Dr. Kiana T. Murphy is a scholar-artist whose work lies at the intersection of Black Studies, Women's, Gender, and Sexuality Studies, Black Girlhood Studies, Archive Studies, and Visual Culture. Her research broadly examines the significance of the speculative aesethetic to African American literary and cultural production in the 20th and 21st centuries. She is currently working on her first project "Speculative Black Girl Ethics: Reading Practices, Visual Culture, and the Urgency of the Present,” explores how 20th and 21st century Black women writers and artists, such as Toni Morrison, Gloria Naylor, Jaqueline Woodson, Deborah Roberts, and Eve L. Ewing, speculatively re-narrate girlhood. This interdiciplinary project examines various mediums such as novels, film, music, poetry, comics, graphic novels, and archival materials to illustrate the ways Black girls generate new ethical ways of reading cultural forms, and also complicate our understandings of care, relation, resistance, intimacy, friendship, and Black futures. Building on recent work in law, education, and social sciences that examines how Black girls are criminalized in school settings, this project focuses on the practices, dreams, and aspirations of Black girls that are misread as delinquent, and yet paradoxically makes room for alternative modes of Black survival. In these texts, Black women artists illustrate how centering the Black girl is key to imagining and creating intersectionally capacious Black worlds.
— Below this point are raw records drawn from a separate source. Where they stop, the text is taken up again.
lemma INF_conv_measures_integral:
  fixes X :: "'a \<Rightarrow> real"
  assumes sets_\<Q>: "\<And>Q. Q \<in> \<Q> \<Longrightarrow> sets Q = sets M"
    and X: "X \<in> borel_measurable M" and integrable_X: "\<And>Q. Q \<in> \<Q> \<Longrightarrow> integrable Q X"
  shows "(INF Q\<in>conv_measures M \<Q>. ereal (\<integral>x. X x \<partial>Q)) = (INF Q\<in>\<Q>. ereal (\<integral>x. X x \<partial>Q))"
proof (rule antisym)
  show "(INF Q\<in>conv_measures M \<Q>. ereal (\<integral>x. X x \<partial>Q)) \<le> (INF Q\<in>\<Q>. ereal (\<integral>x. X x \<partial>Q))"
    by (intro INF_superset_mono subset_conv_measures sets_\<Q> order_refl)
  show "(INF Q\<in>\<Q>. ereal (\<integral>x. X x \<partial>Q)) \<le> (INF Q\<in>conv_measures M \<Q>. ereal (\<integral>x. X x \<partial>Q))"
  proof (rule INF_greatest)
    fix Q assume "Q \<in> conv_measures M \<Q>"
    then obtain n :: nat and Qs c where sets_Q: "sets Q = sets M"
      and Qs: "\<And>i. i < n \<Longrightarrow> Qs i \<in> \<Q>" and c: "\<And>i. i < n \<Longrightarrow> 0 \<le> c i"
      and c_sum: "(\<Sum>i<n. c i) = 1"
      and mixture: "\<And>A. A \<in> sets M \<Longrightarrow> emeasure Q A = (\<Sum>i<n. ennreal (c i) * emeasure (Qs i) A)"
      by (elim conv_measuresE) blast
    have X_Q: "X \<in> borel_measurable Q" using X measurable_cong_sets[OF sets_Q refl] by blast
    have "(\<integral>x. X x \<partial>Q) = (\<Sum>i<n. c i * (\<integral>x. X x \<partial>Qs i))"
      using X_Q by (intro integral_mixture[of n Qs Q c])
        (simp_all add: sets_Q sets_\<Q> Qs mixture c integrable_X)
    then show "(INF Q\<in>\<Q>. ereal (\<integral>x. X x \<partial>Q)) \<le> ereal (\<integral>x. X x \<partial>Q)"
      using INF_le_convex_combination[OF Qs c c_sum] by simp
  qed
qed

lemma INF_Qbar_integral:
  fixes X :: "'a \<Rightarrow> real"
  assumes subset: "\<Q> \<subseteq> Qbar P \<Q> Y T" and neg_X: "(\<lambda>x. - X x) \<in> dom_class P Y T"
  shows "(INF Q\<in>Qbar P \<Q> Y T. ereal (\<integral>x. X x \<partial>Q)) = (INF Q\<in>\<Q>. ereal (\<integral>x. X x \<partial>Q))"
proof (rule antisym)
  show "(INF Q\<in>Qbar P \<Q> Y T. ereal (\<integral>x. X x \<partial>Q)) \<le> (INF Q\<in>\<Q>. ereal (\<integral>x. X x \<partial>Q))"
    using subset by (rule INF_superset_mono) simp
  show "(INF Q\<in>\<Q>. ereal (\<integral>x. X x \<partial>Q)) \<le> (INF Q\<in>Qbar P \<Q> Y T. ereal (\<integral>x. X x \<partial>Q))"
  proof (rule INF_greatest)
    fix Q assume "Q \<in> Qbar P \<Q> Y T"
    then have "- ereal (\<integral>x. X x \<partial>Q) \<le> rho \<Q> (\<lambda>x. - X x)"
      using neg_X by (auto simp: Qbar_def)
    also have "\<dots> = (SUP Q\<in>\<Q>. - ereal (\<integral>x. X x \<partial>Q))" by (simp add: rho_def)
    also have "\<dots> = - (INF Q\<in>\<Q>. ereal (\<integral>x. X x \<partial>Q))" by (rule ereal_SUP_uminus_eq)
    finally show "(INF Q\<in>\<Q>. ereal (\<integral>x. X x \<partial>Q)) \<le> ereal (\<integral>x. X x \<partial>Q)"
      by (simp only: ereal_minus_le_minus)
  qed
qed

lemma INF_integral_not_measurable:
  fixes X :: "'a \<Rightarrow> real"
  assumes "\<Q> \<noteq> {}" and "\<And>Q. Q \<in> \<Q> \<Longrightarrow> sets Q = sets M" and "X \<notin> borel_measurable M"
  shows "(INF Q\<in>\<Q>. ereal (\<integral>x. X x \<partial>Q)) = 0"
proof -
  have "(\<integral>x. X x \<partial>Q) = 0" if "Q \<in> \<Q>" for Q
    using assms(3) measurable_cong_sets[OF assms(2)[OF that] refl]
    by (intro not_integrable_integral_eq) auto
  with assms(1) show ?thesis by simp
qed

lemma integrable_of_L1_set:
  assumes "X \<in> L1_set M \<Q>" and "Q \<in> \<Q>" and "sets Q = sets M"
  shows "integrable Q X"
proof -
  have "(\<integral>\<^sup>+x. ennreal \<bar>X x\<bar> \<partial>Q) \<le> (SUP Q\<in>\<Q>. \<integral>\<^sup>+x. ennreal \<bar>X x\<bar> \<partial>Q)"
    using assms(2) by (rule SUP_upper)
  also have "\<dots> < \<infinity>" using assms(1) by (simp add: L1_set_def)
  finally show ?thesis
    using assms(1) measurable_cong_sets[OF assms(3) refl] by (auto simp: L1_set_def integrable_iff_bounded)
qed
Her creative work, including short fiction and poetry, examines the effects of gentrification in Washington, D.C. on Black children’s imaginations. Her work is published or forthcoming in The Black Scholar, American Studies Quarterly, University of Mississippi Press, Call + Response Journal, and elsewhere.
For 2018-2021, Murphy proudly served as the co-organizer of the Black Cultural Studies Collective, a Black studies working and reading group based in Philadelphia. She also worked as an assistant curator for the Joanna Banks Collection and Exhibit in February 2020 at UPenn’s Kislak Center for Special Collections, Rare Books, and Manuscripts, which included Black women’s fiction and poetry, periodicals, cookbooks, and children’s books published in the late 20th century.
She is also proud alumnae of the Posse Foundation, Bill and Melinda Gates Millennium Foundation, and the Ronald E. McNair Scholars programs.